* [WORK TASK] Retype the listing without any alteration.

* [DATASET]
-*-
(* Consider SONATA for time-varying digraphs with step-size $\alpha\in(0,1]$ under Assumptions (A), (B'), (C), (E). Let $\epsilon_{opt}>0$ satisfy $a(\alpha):=(1-\frac\alpha2)\tilde\mu_{\min}+\frac{D^\ell_{\min}}2\alpha-\frac12\epsilon_{opt}>0$, and let $\sigma(\alpha)=1-\alpha\frac{a(\alpha)}{D_{\max}^2/\mu+a(\alpha)}$, $\eta(\alpha)=\frac{\frac{\alpha}{2\epsilon_{opt}}\frac{D_{\max}^2}\mu+\frac\alpha\mu a(\alpha)}{D_{\max}^2/\mu+a(\alpha)}$. Then for all $\nu\ge0$, $$p_\phi^{\nu+1}\le\sigma(\alpha)p_\phi^\nu+\eta(\alpha)\,\phi_{ub}\big(8L_{\max}^2\|x_{\phi,\perp}^\nu\|^2+2\|y_{\phi,\perp}^\nu\|^2\big).$$
   Context: Problem (P): minimize $U=F+G$ over $\mathcal K$, $F=\frac1m\sum_{i=1}^mf_i$. (A): $\mathcal K\subseteq\mathbb R^d$ nonempty closed convex; $f_i$ twice differentiable convex on open $\mathcal O\supseteq\mathcal K$; $\mu I\preceq\nabla^2F\preceq LI$ on $\mathcal K$ ($\mu>0$, $L<\infty$); $G$ convex on $\mathcal K$; $U^\star$ optimal value. $\nabla^2f_i\preceq L_iI$ on $\mathcal K$, $L_{\max}=\max L_i$. (B'): digraphs $\mathcal G^\nu=(\{1,\dots,m\},\mathcal E^\nu)$; there is an integer $B>0$ with the graph with edge set $\bigcup_{t=\nu B}^{(\nu+1)B-1}\mathcal E^t$ strongly connected for all $\nu\ge0$. (E): some $c_\ell>0$ with $c^\nu_{ii}\ge c_\ell$, $c^\nu_{ij}\ge c_\ell$ if $(j,i)\in\mathcal E^\nu$ and $c^\nu_{ij}=0$ otherwise, and $\mathbf1^\top C^\nu=\mathbf1^\top$ for all $\nu$. (C): $\tilde f_i:\mathcal O\times\mathcal O\to\mathbb R$ $C^2$, $\nabla\tilde f_i(x;x)=\nabla f_i(x)$, $\nabla\tilde f_i(\cdot;x)$ $\tilde L_i$-Lipschitz, $\tilde f_i(\cdot;x)$ $\tilde\mu_i$-strongly convex on $\mathcal K$ for all $x\in\mathcal K$; constants $D_i^\ell\le D_i^u$ with $D_i^\ell I\preceq\nabla^2\tilde f_i(x;y)-\nabla^2F(x)\preceq D_i^uI$ on $\mathcal K\times\mathcal K$; $D_i=\max\{|D_i^\ell|,|D_i^u|\}$, $\tilde\mu_{\min}=\min\tilde\mu_i$, $D^\ell_{\min}=\min D_i^\ell$, $D_{\max}=\max D_i$. Algorithm: $x_i^0\in\mathcal K$, $y_i^0=\nabla f_i(x_i^0)$, $\phi_i^0=1$; $\hat x_i^\nu=\arg\min_{x_i\in\mathcal K}\tilde f_i(x_i;x_i^\nu)+(y_i^\nu-\nabla f_i(x_i^\nu))^\top(x_i-x_i^\nu)+G(x_i)$; $x_i^{\nu+1/2}=x_i^\nu+\alpha(\hat x_i^\nu-x_i^\nu)$; $\phi_i^{\nu+1}=\sum_jc^\nu_{ij}\phi_j^\nu$; $x_i^{\nu+1}=\frac1{\phi_i^{\nu+1}}\sum_jc^\nu_{ij}\phi_j^\nu x_j^{\nu+1/2}$; $y_i^{\nu+1}=\frac1{\phi_i^{\nu+1}}\sum_jc^\nu_{ij}(\phi_j^\nu y_j^\nu+\nabla f_j(x_j^{\nu+1})-\nabla f_j(x_j^\nu))$. Notation: $p_\phi^\nu=\sum_i\phi_i^\nu(U(x_i^\nu)-U^\star)$; $\phi_{ub}=m-c_\ell^{2(m-1)B}$; $x^\nu,y^\nu$ stack local vectors; $x_{\phi,\perp}^\nu=x^\nu-\mathbf1_m\otimes\frac1m\sum_i\phi_i^\nu x_i^\nu$, $y_{\phi,\perp}^\nu=y^\nu-\mathbf1_m\otimes\frac1m\sum_i\phi_i^\nu y_i^\nu$. *)

theory Defs
  imports "HOL-Analysis.Analysis"
begin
-*-
* [OUTPUT OF THE EXERCISE]
(* Consider SONATA for time-varying digraphs with step-size $\alpha\in(0,1]$ under Assumptions (A), (B'), (C), (E). Let $\epsilon_{opt}>0$ satisfy $a(\alpha):=(1-\frac\alpha2)\tilde\mu_{\min}+\frac{D^\ell_{\min}}2\alpha-\frac12\epsilon_{opt}>0$, and let $\sigma(\alpha)=1-\alpha\frac{a(\alpha)}{D_{\max}^2/\mu+a(\alpha)}$, $\eta(\alpha)=\frac{\frac{\alpha}{2\epsilon_{opt}}\frac{D_{\max}^2}\mu+\frac\alpha\mu a(\alpha)}{D_{\max}^2/\mu+a(\alpha)}$. Then for all $\nu\ge0$, $$p_\phi^{\nu+1}\le\sigma(\alpha)p_\phi^\nu+\eta(\alpha)\,\phi_{ub}\big(8L_{\max}^2\|x_{\phi,\perp}^\nu\|^2+2\|y_{\phi,\perp}^\nu\|^2\big).$$
   Context: Problem (P): minimize $U=F+G$ over $\mathcal K$, $F=\frac1m\sum_{i=1}^mf_i$. (A): $\mathcal K\subseteq\mathbb R^d$ nonempty closed convex; $f_i$ twice differentiable convex on open $\mathcal O\supseteq\mathcal K$; $\mu I\preceq\nabla^2F\preceq LI$ on $\mathcal K$ ($\mu>0$, $L<\infty$); $G$ convex on $\mathcal K$; $U^\star$ optimal value. $\nabla^2f_i\preceq L_iI$ on $\mathcal K$, $L_{\max}=\max L_i$. (B'): digraphs $\mathcal G^\nu=(\{1,\dots,m\},\mathcal E^\nu)$; there is an integer $B>0$ with the graph with edge set $\bigcup_{t=\nu B}^{(\nu+1)B-1}\mathcal E^t$ strongly connected for all $\nu\ge0$. (E): some $c_\ell>0$ with $c^\nu_{ii}\ge c_\ell$, $c^\nu_{ij}\ge c_\ell$ if $(j,i)\in\mathcal E^\nu$ and $c^\nu_{ij}=0$ otherwise, and $\mathbf1^\top C^\nu=\mathbf1^\top$ for all $\nu$. (C): $\tilde f_i:\mathcal O\times\mathcal O\to\mathbb R$ $C^2$, $\nabla\tilde f_i(x;x)=\nabla f_i(x)$, $\nabla\tilde f_i(\cdot;x)$ $\tilde L_i$-Lipschitz, $\tilde f_i(\cdot;x)$ $\tilde\mu_i$-strongly convex on $\mathcal K$ for all $x\in\mathcal K$; constants $D_i^\ell\le D_i^u$ with $D_i^\ell I\preceq\nabla^2\tilde f_i(x;y)-\nabla^2F(x)\preceq D_i^uI$ on $\mathcal K\times\mathcal K$; $D_i=\max\{|D_i^\ell|,|D_i^u|\}$, $\tilde\mu_{\min}=\min\tilde\mu_i$, $D^\ell_{\min}=\min D_i^\ell$, $D_{\max}=\max D_i$. Algorithm: $x_i^0\in\mathcal K$, $y_i^0=\nabla f_i(x_i^0)$, $\phi_i^0=1$; $\hat x_i^\nu=\arg\min_{x_i\in\mathcal K}\tilde f_i(x_i;x_i^\nu)+(y_i^\nu-\nabla f_i(x_i^\nu))^\top(x_i-x_i^\nu)+G(x_i)$; $x_i^{\nu+1/2}=x_i^\nu+\alpha(\hat x_i^\nu-x_i^\nu)$; $\phi_i^{\nu+1}=\sum_jc^\nu_{ij}\phi_j^\nu$; $x_i^{\nu+1}=\frac1{\phi_i^{\nu+1}}\sum_jc^\nu_{ij}\phi_j^\nu x_j^{\nu+1/2}$; $y_i^{\nu+1}=\frac1{\phi_i^{\nu+1}}\sum_jc^\nu_{ij}(\phi_j^\nu y_j^\nu+\nabla f_j(x_j^{\nu+1})-\nabla f_j(x_j^\nu))$. Notation: $p_\phi^\nu=\sum_i\phi_i^\nu(U(x_i^\nu)-U^\star)$; $\phi_{ub}=m-c_\ell^{2(m-1)B}$; $x^\nu,y^\nu$ stack local vectors; $x_{\phi,\perp}^\nu=x^\nu-\mathbf1_m\otimes\frac1m\sum_i\phi_i^\nu x_i^\nu$, $y_{\phi,\perp}^\nu=y^\nu-\mathbf1_m\otimes\frac1m\sum_i\phi_i^\nu y_i^\nu$. *)

theory Defs
  imports "HOL-Analysis.Analysis"
begin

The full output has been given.